Outcomes from the reduced FPSQ-28 matched those of the original FPSQ. Distrust in appetite was no longer included as a feeding construct in the FPSQ-28, but reward for behavior (p = 0.026) and structured meal timing (p < 0.001) remained significant.

Intention-to-treat results, using a “baseline carried forward” analysis, were similar to as-treated results for anthropometric measures, health behaviors, and parent feeding practices. In particular, all statistically significant and non-significant results using an as-treated approach remained unchanged using an ITT approach, though the effect sizes of the changes were slightly reduced. Based on ITT results, screen time decreased 0.6 h/day (CI: −0.9, −0.3) among treatment patients vs. an increase of 0.2 h/day (CI: 0.0, 0.4) among controls (p < 0.001), and FNPA increased 2.6 points (CI: 1.7, 3.5) in treatment patients vs. 0.1 point (CI: −0.7, 0.8) in controls (p < 0.001). For feeding practices, treatment parents reported greater decreases in distrust in appetite (p = 0.024) and reward for behavior (p = 0.013), and greater increases in structured meal timing (p = 0.015) using ITT, similar to as-treated results.

4. Discussion

In the current study, families who completed the 6-month intervention demonstrated meaningful improvements in child health behaviors and parent feeding practices when compared to control families. For children who completed treatment, these changes included a 4.6-point improvement in FNPA scores and a nearly one-hour reduction in screen time, on average. We have previously shown that, among children and adolescents with overweight/obesity, each FNPA-point difference is associated with a 0.12 kg/m2 difference in BMI, after adjusting for age and sex [32]. Furthermore, youth with class III severe obesity (%BMIp95 ≥ 140) have twice the odds of low (at-risk) FNPA scores when compared to children with overweight/obesity. Thus, a mean increase of over 4 points in FNPA scores represents a meaningful improvement in health behaviors, and if maintained, may contribute to future improvements in adiposity. Screen time has also been linked to excess adiposity in this age group, both cross-sectionally [37,38,39,40,41,42,43,44] and prospectively [45,46], suggesting screen time habits of preschoolers are predictive of current BMI and future adiposity changes. In the current study, parents of both treatment and control families reported over two hours of screen time per day in their preschool child, which is over double the current recommendation for this age group [47]. Thus, the mean 0.9 h/day decrease in screen time among treatment children represents an almost 40% reduction in duration and an important positive lifestyle change.
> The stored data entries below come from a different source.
theorem locally_stable_if_linearization_stable:
  fixes F :: "real \<times> real \<Rightarrow> real \<times> real"
  assumes Fe: "F e = (0, 0)" and der: "(F has_derivative A) (at e)" and tr: "trA < 0"
  shows "locally_stable F e"
proof -
  obtain \<rho> k where \<rho>: "\<rho> > 0" and k: "k > 0"
    and lyap_sgn: "\<forall>p. norm (p - e) < \<rho> \<longrightarrow> k * V (p - e) \<le> sgn trA * DV (p - e) (F p)"
    using V_lyapunov_near_equilibrium[of F e] Fe der tr by (auto simp: zero_prod_def)
  have lyap: "DV (p - e) (F p) \<le> - k * V (p - e)" if "norm (p - e) < \<rho>" for p
    using lyap_sgn[rule_format, OF that] tr by simp
  show ?thesis
    using Fe lyapunov_stable_if_V_decays[OF lyap \<rho>] locally_attractive_if_V_decays[OF lyap \<rho> k] k
    by (simp add: locally_stable_def)
qed

lemma solution_stays_in_ball_if_stable:
  fixes F G :: "real \<times> real \<Rightarrow> real \<times> real"
  assumes stable: "\<forall>T x. 0 \<le> T \<and> is_solution_on F {0..T} x \<and> dist (x 0) e < \<delta> \<longrightarrow>
      (\<forall>t\<in>{0..T}. dist (x t) e < r)"
    and G_eq: "\<And>p. p \<in> cball e r \<Longrightarrow> G p = F p" and snd_pos: "\<And>p. p \<in> cball e r \<Longrightarrow> snd p > 0"
    and y: "solves_on G {0..T} y" and T: "0 \<le> T" and start: "dist (y 0) e < \<delta>" "norm (y 0 - e) < r"
  shows "\<forall>t\<in>{0..T}. norm (y t - e) < r"
proof (rule ccontr)
  assume "\<not> (\<forall>t\<in>{0..T}. norm (y t - e) < r)"
  then have "\<exists>t\<in>{0..T}. norm (y t - e) \<ge> r" by (auto simp: not_less)
  from first_exit_time[OF solves_on_continuous_on[OF y] T this start(2)]
  obtain t\<^sub>1 where t\<^sub>1: "t\<^sub>1 \<in> {0<..T}" "norm (y t\<^sub>1 - e) = r"
    and before: "\<And>s. s \<in> {0..<t\<^sub>1} \<Longrightarrow> norm (y s - e) < r" by blast
  have in_ball: "y s \<in> cball e r" if s: "s \<in> {0..t\<^sub>1}" for s
  proof (cases "s = t\<^sub>1")
    case True
    then show ?thesis using t\<^sub>1(2) by (simp add: dist_norm norm_minus_commute)
  next
    case False
    then have "norm (y s - e) < r" using s by (intro before) auto
    then show ?thesis by (simp add: dist_norm norm_minus_commute)
  qed
  have "solves_on F {0..t\<^sub>1} y"
  proof (rule solves_on_eq[OF solves_on_subset[OF y]])
    show "{0..t\<^sub>1} \<subseteq> {0..T}" using t\<^sub>1(1) by auto
    show "G (y t) = F (y t)" if "t \<in> {0..t\<^sub>1}" for t using in_ball[OF that] by (rule G_eq)
  qed
  then have "is_solution_on F {0..t\<^sub>1} y"
    unfolding is_solution_on_iff using in_ball snd_pos by blast
  moreover have "0 \<le> t\<^sub>1" using t\<^sub>1(1) by simp
  ultimately have "\<forall>t\<in>{0..t\<^sub>1}. dist (y t) e < r" using stable start(1) by blast
  then show False using t\<^sub>1 by (auto simp: dist_norm)
qed
lemma pair_unique:
  assumes "is_category C" "is_product C X Y P p q" "h \<in> hom C Z P"
    "Comp C p h = f" "Comp C q h = g"
  shows "pair C P p q f g = h"
proof -
  have "p \<in> hom C P X" "q \<in> hom C P Y" using assms(2) unfolding is_product_def by auto
  then have "f \<in> hom C Z X" "g \<in> hom C Z Y"
    using cat_comp[OF assms(1) assms(3)] assms(4,5) by auto
  from pair_props[OF assms(2) this] show ?thesis
    using product_arrow_eq[OF assms(1,2) _ assms(3)] assms(4,5) by metis
qed

lemma pair_comp:
  assumes "is_category C" "is_product C X Y P p q" "f \<in> hom C Z X" "g \<in> hom C Z Y"
    "k \<in> hom C W Z"
  shows "Comp C (pair C P p q f g) k = pair C P p q (Comp C f k) (Comp C g k)"
proof -
  have p: "p \<in> hom C P X" and q: "q \<in> hom C P Y"
    using assms(2) unfolding is_product_def by auto
  note pq = pair_props[OF assms(2-4)]
  show ?thesis
    by (rule pair_unique[OF assms(1,2) cat_comp[OF assms(1,5) pq(1)], symmetric])
      (use cat_assoc[OF assms(1,5) pq(1) p] cat_assoc[OF assms(1,5) pq(1) q] pq in auto)
qed

lemma pair_proj:
  assumes "is_category C" "is_product C X Y P p q"
  shows "pair C P p q p q = Idm C P"
proof -
  have P: "P \<in> Ob C" and p: "p \<in> hom C P X" and q: "q \<in> hom C P Y"
    using assms(2) unfolding is_product_def by auto
  show ?thesis
    by (rule pair_unique[OF assms cat_id[OF assms(1) P]])
      (use cat_idr[OF assms(1)] p q in auto)
qed

lemma tuple3_props:
  assumes "is_product3 C X P p1 p2 p3" "f \<in> hom C Z X" "g \<in> hom C Z X" "h \<in> hom C Z X"
  shows "tuple3 C P p1 p2 p3 f g h \<in> hom C Z P" "Comp C p1 (tuple3 C P p1 p2 p3 f g h) = f"
    "Comp C p2 (tuple3 C P p1 p2 p3 f g h) = g" "Comp C p3 (tuple3 C P p1 p2 p3 f g h) = h"
proof -
  have ex: "\<exists>!k. k \<in> hom C Z P \<and> Comp C p1 k = f \<and> Comp C p2 k = g \<and> Comp C p3 k = h"
    using assms unfolding is_product3_def by blast
  have dom: "Dom C f = Z" using assms(2) by (simp add: hom_def)
  have "tuple3 C P p1 p2 p3 f g h \<in> hom C Z P \<and>
      Comp C p1 (tuple3 C P p1 p2 p3 f g h) = f \<and> Comp C p2 (tuple3 C P p1 p2 p3 f g h) = g \<and>
      Comp C p3 (tuple3 C P p1 p2 p3 f g h) = h"
    unfolding tuple3_def dom by (rule theI'[OF ex])
  then show "tuple3 C P p1 p2 p3 f g h \<in> hom C Z P" "Comp C p1 (tuple3 C P p1 p2 p3 f g h) = f"
    "Comp C p2 (tuple3 C P p1 p2 p3 f g h) = g" "Comp C p3 (tuple3 C P p1 p2 p3 f g h) = h"
    by auto
qed

lemma tuple3_unique:
  assumes "is_category C" "is_product3 C X P p1 p2 p3" "k \<in> hom C Z P"
    "Comp C p1 k = f" "Comp C p2 k = g" "Comp C p3 k = h"
  shows "tuple3 C P p1 p2 p3 f g h = k"
proof -
  have "p1 \<in> hom C P X" "p2 \<in> hom C P X" "p3 \<in> hom C P X"
    using assms(2) unfolding is_product3_def by auto
  then have fgh: "f \<in> hom C Z X" "g \<in> hom C Z X" "h \<in> hom C Z X"
    using cat_comp[OF assms(1) assms(3)] assms(4-6) by auto
  then have "\<exists>!k. k \<in> hom C Z P \<and> Comp C p1 k = f \<and> Comp C p2 k = g \<and> Comp C p3 k = h"
    using assms(2) unfolding is_product3_def by blast
  then show ?thesis using tuple3_props[OF assms(2) fgh] assms(3-6) by blast
qed

lemma tuple3_comp:
  assumes "is_category C" "is_product3 C X P p1 p2 p3"
    "f \<in> hom C Z X" "g \<in> hom C Z X" "h \<in> hom C Z X" "k \<in> hom C W Z"
  shows "Comp C (tuple3 C P p1 p2 p3 f g h) k =
    tuple3 C P p1 p2 p3 (Comp C f k) (Comp C g k) (Comp C h k)"
proof -
  have p: "p1 \<in> hom C P X" "p2 \<in> hom C P X" "p3 \<in> hom C P X"
    using assms(2) unfolding is_product3_def by auto
  note t = tuple3_props[OF assms(2-5)]
  show ?thesis
    by (rule tuple3_unique[OF assms(1,2) cat_comp[OF assms(1,6) t(1)], symmetric])
      (use cat_assoc[OF assms(1,6) t(1)] p t in auto)
qed

lemma pullback_arrow_eq:
  assumes "is_category C" "is_pullback C f g P p q" "h \<in> hom C W P" "k \<in> hom C W P"
    "Comp C p h = Comp C p k" "Comp C q h = Comp C q k"
  shows "h = k"
proof -
  have p: "p \<in> hom C P (Dom C f)" and q: "q \<in> hom C P (Dom C g)"
    and f: "f \<in> hom C (Dom C f) (Cod C f)" and g: "g \<in> hom C (Dom C g) (Cod C f)"
    and fg: "Comp C f p = Comp C g q"
    using assms(2) unfolding is_pullback_def hom_def by auto
  have "Comp C f (Comp C p h) = Comp C g (Comp C q h)"
    using cat_assoc[OF assms(1,3) p f] cat_assoc[OF assms(1,3) q g] fg by simp
  moreover have "Comp C p h \<in> hom C W (Dom C f)" "Comp C q h \<in> hom C W (Dom C g)"
    using cat_comp[OF assms(1,3)] p q by auto
  ultimately have "\<exists>!h'. h' \<in> hom C W P \<and> Comp C p h' = Comp C p h \<and> Comp C q h' = Comp C q h"
    using assms(2) unfolding is_pullback_def by blast
  moreover have "h \<in> hom C W P \<and> Comp C p h = Comp C p h \<and> Comp C q h = Comp C q h"
    "k \<in> hom C W P \<and> Comp C p k = Comp C p h \<and> Comp C q k = Comp C q h"
    using assms(3-6) by auto
  ultimately show ?thesis by (metis (no_types, lifting))
qed

lemma pullback_over_terminal_iff_product:
  assumes "is_category C" "terminal C T" "f \<in> hom C X T" "g \<in> hom C Y T"
  shows "is_pullback C f g P p q \<longleftrightarrow> is_product C X Y P p q"
proof -
  have dom: "Dom C f = X" "Dom C g = Y" and fg: "f \<in> Ar C" "g \<in> Ar C" "Cod C f = Cod C g"
    using assms(3,4) by (auto simp: hom_def)
  have fa_gb: "Comp C f a = Comp C g b" if "a \<in> hom C W X" "b \<in> hom C W Y" for W a b
    using terminal_uniq[OF assms(1,2) cat_comp[OF assms(1) that(1) assms(3)]
        cat_comp[OF assms(1) that(2) assms(4)]] .
  let ?U = "\<lambda>W a b. \<exists>!h. h \<in> hom C W P \<and> Comp C p h = a \<and> Comp C q h = b"
  have "(\<forall>W a b. a \<in> hom C W X \<and> b \<in> hom C W Y \<and> Comp C f a = Comp C g b \<longrightarrow> ?U W a b)
      \<longleftrightarrow> (\<forall>W a b. a \<in> hom C W X \<and> b \<in> hom C W Y \<longrightarrow> ?U W a b)"
    using fa_gb by blast
  moreover have "p \<in> hom C P X \<Longrightarrow> q \<in> hom C P Y \<Longrightarrow> Comp C f p = Comp C g q"
    by (rule fa_gb)
  ultimately show ?thesis
    unfolding is_pullback_def is_product_def dom using fg by (intro iffI; elim conjE; simp)
qed
text \<open>The rate is weaker than the true decay \<open>\<bar>r\<bar> powr (-1 - \<alpha>)\<close>, but summable.\<close>

lemma frac_kernel_decay:
  fixes h \<alpha> :: real
  assumes "h > 0" and "0 < \<alpha>" and "\<alpha> \<le> 2"
  obtains C where "\<And>r. r \<noteq> 0 \<Longrightarrow> \<bar>frac_kernel h \<alpha> r\<bar> \<le> C * \<bar>real_of_int r\<bar> powr (-1 - \<alpha>/2)"
proof -
  define a where "a = pi / h"
  define C where
    "C = h / pi / h^2 * (2 * \<alpha> * a powr (\<alpha> - 1) + 4 * \<bar>\<alpha> - 1\<bar> * h powr (1 - \<alpha>/2) * a powr (\<alpha>/2))"
  have "\<bar>frac_kernel h \<alpha> r\<bar> \<le> C * \<bar>real_of_int r\<bar> powr (-1 - \<alpha>/2)" if "r \<noteq> 0" for r
  proof -
    define R where "R = \<bar>real_of_int r\<bar>"
    define w where "w = h * of_int r"
    have "R \<ge> 1" using that by (simp add: R_def)
    have "a > 0" "w \<noteq> 0" using assms that by (simp_all add: a_def w_def)
    have "sin (w * a) = 0"
      using assms by (simp add: w_def a_def sin_zero_iff_int2)
    have w_sq: "w^2 = h^2 * R^2" and w_abs: "\<bar>w\<bar> = h * R"
      using assms by (simp_all add: w_def R_def power_mult_distrib abs_mult)
    have R_sq: "R^2 = R powr 2" using \<open>R \<ge> 1\<close> by (simp add: powr_numeral)
    have "1 / R^2 = R powr (-2)"
      by (simp add: R_sq powr_minus_divide)
    also have "\<dots> \<le> R powr (-1 - \<alpha>/2)"
      using \<open>R \<ge> 1\<close> assms by (intro powr_mono) auto
    finally have decay1: "1 / R^2 \<le> R powr (-1 - \<alpha>/2)" .
    have "R powr (1 - \<alpha>/2) / R^2 = R powr (1 - \<alpha>/2 - 2)"
      unfolding R_sq by (rule powr_diff[symmetric])
    also have "\<dots> = R powr (-1 - \<alpha>/2)"
      by (simp add: algebra_simps)
    finally have decay2: "R powr (1 - \<alpha>/2) / R^2 = R powr (-1 - \<alpha>/2)" .
    have "\<bar>frac_kernel h \<alpha> r\<bar> = h / pi * \<bar>integral {0..a} (\<lambda>x. x powr \<alpha> * cos (w * x))\<bar>"
      using assms by (simp add: frac_kernel_eq_integral_cos a_def w_def abs_mult)
    also have "\<dots> \<le> h / pi * ((2 * \<alpha> * a powr (\<alpha> - 1)
        + 4 * \<bar>\<alpha> - 1\<bar> * \<bar>w\<bar> powr (1 - \<alpha>/2) * a powr (\<alpha>/2)) / w^2)"
      using assms \<open>a > 0\<close> \<open>w \<noteq> 0\<close> \<open>sin (w * a) = 0\<close>
      by (intro mult_left_mono abs_integral_powr_cos_le) auto
    also have "\<dots> = h / pi / h^2 * (2 * \<alpha> * a powr (\<alpha> - 1) * (1 / R^2)
        + 4 * \<bar>\<alpha> - 1\<bar> * h powr (1 - \<alpha>/2) * a powr (\<alpha>/2) * (R powr (1 - \<alpha>/2) / R^2))"
      using assms \<open>R \<ge> 1\<close> by (simp add: w_sq w_abs powr_mult field_simps)
    also have "\<dots> \<le> h / pi / h^2 * (2 * \<alpha> * a powr (\<alpha> - 1) * R powr (-1 - \<alpha>/2)
        + 4 * \<bar>\<alpha> - 1\<bar> * h powr (1 - \<alpha>/2) * a powr (\<alpha>/2) * R powr (-1 - \<alpha>/2))"
      unfolding decay2 using decay1 assms by (intro mult_left_mono add_right_mono) auto
    also have "\<dots> = C * R powr (-1 - \<alpha>/2)"
      by (simp add: C_def algebra_simps)
    finally show ?thesis by (simp add: R_def)
  qed
  then show ?thesis by (rule that)
qed
(* There exist $\alpha_0>0$ and a function $C_2(\alpha)$, polylogarithmic in $1/\alpha$, such that for every $0<\alpha\le\alpha_0$ the following holds. Let $G=(V,E)$ be a graph, $\mathcal T$ a hierarchy of $G$, $h>0$, $X\in\{0,1\}^{h\times V}$ and $U\in\mathbb R^{E\times h}$ semiorthogonal. If a non-root node $t$ is $\alpha$-bad, then there is a $2$-homogeneous set $\mathcal O'(t)\subseteq\mathcal O(t)$ that is $1/C_2(\alpha)$-dominating.
   Context: Graphs are finite, undirected, unweighted, loopless, possibly with parallel edges; each edge $e=\{u,v\}$ has a fixed orientation $u\to v$. $U\in\mathbb R^{E\times h}$ is semiorthogonal if $UU^\intercal=I$; $U^e$ is its row indexed by $e$. $X_v$ is the column of $X$ indexed by $v$, and $X_e=X_u-X_v$. A hierarchy of $G$ is a rooted tree $\mathcal T$ in which every non-leaf node has at least two children and whose leaves are in bijection with $V$; $V(t)$ is the set of vertices at the leaves of the subtree of $t$; for non-root $t$ with parent $t^*$, $\mathcal O(t)$ is the multiset of edges between $V(t)$ and $V(t^* )\setminus V(t)$. A non-root node $t$ is $\alpha$-bad if $\big(\frac1{|\mathcal O(t)|}\sum_{e\in\mathcal O(t)}\langle U^e,X_e\rangle\big)^2\ge\alpha\cdot\frac1{|\mathcal O(t)|}\sum_{e\in\mathcal O(t)}\|X_e\|_2^2$. A set $F$ of edges is $c$-homogeneous if for all $e,f\in F$: $\langle U^e,X_e\rangle^2/\langle U^f,X_f\rangle^2<c$ and $\|X_e\|_2^2/\|X_f\|_2^2<c$ (all quantities nonzero). A set $\mathcal O'(t)\subseteq\mathcal O(t)$ is $\gamma$-dominating if $\big(\sum_{e\in\mathcal O'(t)}\langle U^e,X_e\rangle\big)^2\ge\gamma\big(\sum_{e\in\mathcal O(t)}\langle U^e,X_e\rangle\big)^2$. *)

theory Defs
  imports Complex_Main
begin

text \<open>Graphs: vertex set V, edge identifiers E (parallel edges = distinct identifiers
with equal endpoints); each edge e is oriented src e \<rightarrow> dst e.\<close>

definition graph :: "nat set \<Rightarrow> nat set \<Rightarrow> (nat \<Rightarrow> nat) \<Rightarrow> (nat \<Rightarrow> nat) \<Rightarrow> bool" where
  "graph V E src dst \<longleftrightarrow> finite V \<and> finite E \<and>
     (\<forall>e\<in>E. src e \<in> V \<and> dst e \<in> V \<and> src e \<noteq> dst e)"

definition children :: "nat set \<Rightarrow> nat \<Rightarrow> (nat \<Rightarrow> nat) \<Rightarrow> nat \<Rightarrow> nat set" where
  "children N r par t = {s \<in> N. s \<noteq> r \<and> par s = t}"

definition hierarchy ::
  "nat set \<Rightarrow> nat set \<Rightarrow> nat \<Rightarrow> (nat \<Rightarrow> nat) \<Rightarrow> (nat \<Rightarrow> nat) \<Rightarrow> bool" where
  "hierarchy V N r par leaf \<longleftrightarrow>
     finite N \<and> r \<in> N \<and> par r = r \<and>
     (\<forall>t\<in>N. par t \<in> N) \<and>
     (\<forall>t\<in>N. \<exists>k. (par ^^ k) t = r) \<and>
     (\<forall>t\<in>N. children N r par t \<noteq> {} \<longrightarrow> card (children N r par t) \<ge> 2) \<and>
     bij_betw leaf V {t \<in> N. children N r par t = {}}"

definition subV :: "nat set \<Rightarrow> (nat \<Rightarrow> nat) \<Rightarrow> (nat \<Rightarrow> nat) \<Rightarrow> nat \<Rightarrow> nat set" where
  "subV V par leaf t = {v \<in> V. \<exists>k. (par ^^ k) (leaf v) = t}"

definition outE ::
  "nat set \<Rightarrow> nat set \<Rightarrow> (nat \<Rightarrow> nat) \<Rightarrow> (nat \<Rightarrow> nat) \<Rightarrow> (nat \<Rightarrow> nat) \<Rightarrow> (nat \<Rightarrow> nat) \<Rightarrow> nat \<Rightarrow> nat set" where
  "outE V E src dst par leaf t =
     {e \<in> E. (src e \<in> subV V par leaf t \<and> dst e \<in> subV V par leaf (par t) - subV V par leaf t) \<or>
            (dst e \<in> subV V par leaf t \<and> src e \<in> subV V par leaf (par t) - subV V par leaf t)}"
Perhaps most notably, parents who participated in the study intervention improved specific feeding practices in comparison to control parents, including lower appetite distrust, less rewarding with food, and greater consistency in meal timing. These findings are important in light of the available literature linking parent feeding practices to children’s eating behaviors and adiposity. Cross-sectional studies have established positive associations between BMI and food restriction [48,49] and rewarding with food (i.e., instrumental feeding) [50], and inverse associations between BMI and pressure to eat [48,49,51]. However, interpretation of these findings is difficult due to the interactive and reciprocal nature of parental feeding, child eating, and child adiposity. For example, children perceived to eat and weigh less than peers may be more likely to be pressured to eat, whereas perceptions of overeating and overweight in children may lead to increased parental restriction. This hypothesis has been confirmed by longitudinal research, which has demonstrated associations between lower weights and increases in pressure to eat as well as between higher weights and decreases in pressure to eat and increases in food restriction [52,53,54].

Steinsbekk et al. prospectively evaluated parent feeding practices and children’s eating behavior from ages 6–8 in a cohort of Norwegian children, and found that instrumental feeding at age 6 predicted elevated food responsiveness (i.e., tendency to want to overeat in response to highly palatable food) and emotional overeating two years later [55]. In addition, parental encouragement to eat predicted increases in children’s enjoyment of food. Rodgers et al. in a study of preschool children, found that instrumental feeding practices were prospectively associated with increases in BMI z-scores one year later, and that parental restriction, emotional feeding, and encouragement to eat predicted children’s emotional eating, tendency to overeat, and food approach behaviors [13]. A recent prospective study, incorporating the same FPSQ assessment tool as the current study, found that lower covert restriction and higher reward for behavior when children were two years old was prospectively associated with higher food responsiveness in children approximately 1.5 years later [15]. These findings suggest that parent feeding practices have the potential to influence children’s future eating behaviors, attitudes towards foods, and BMI. Thus, treatment approaches, such as those of the current study, which teach parents to avoid external prompts to eat (i.e., non-responsive feeding practices), and instead allow children to rely on internal hunger and satiety signals appear to be an appropriate target for promoting healthier eating behaviors and weights among young children.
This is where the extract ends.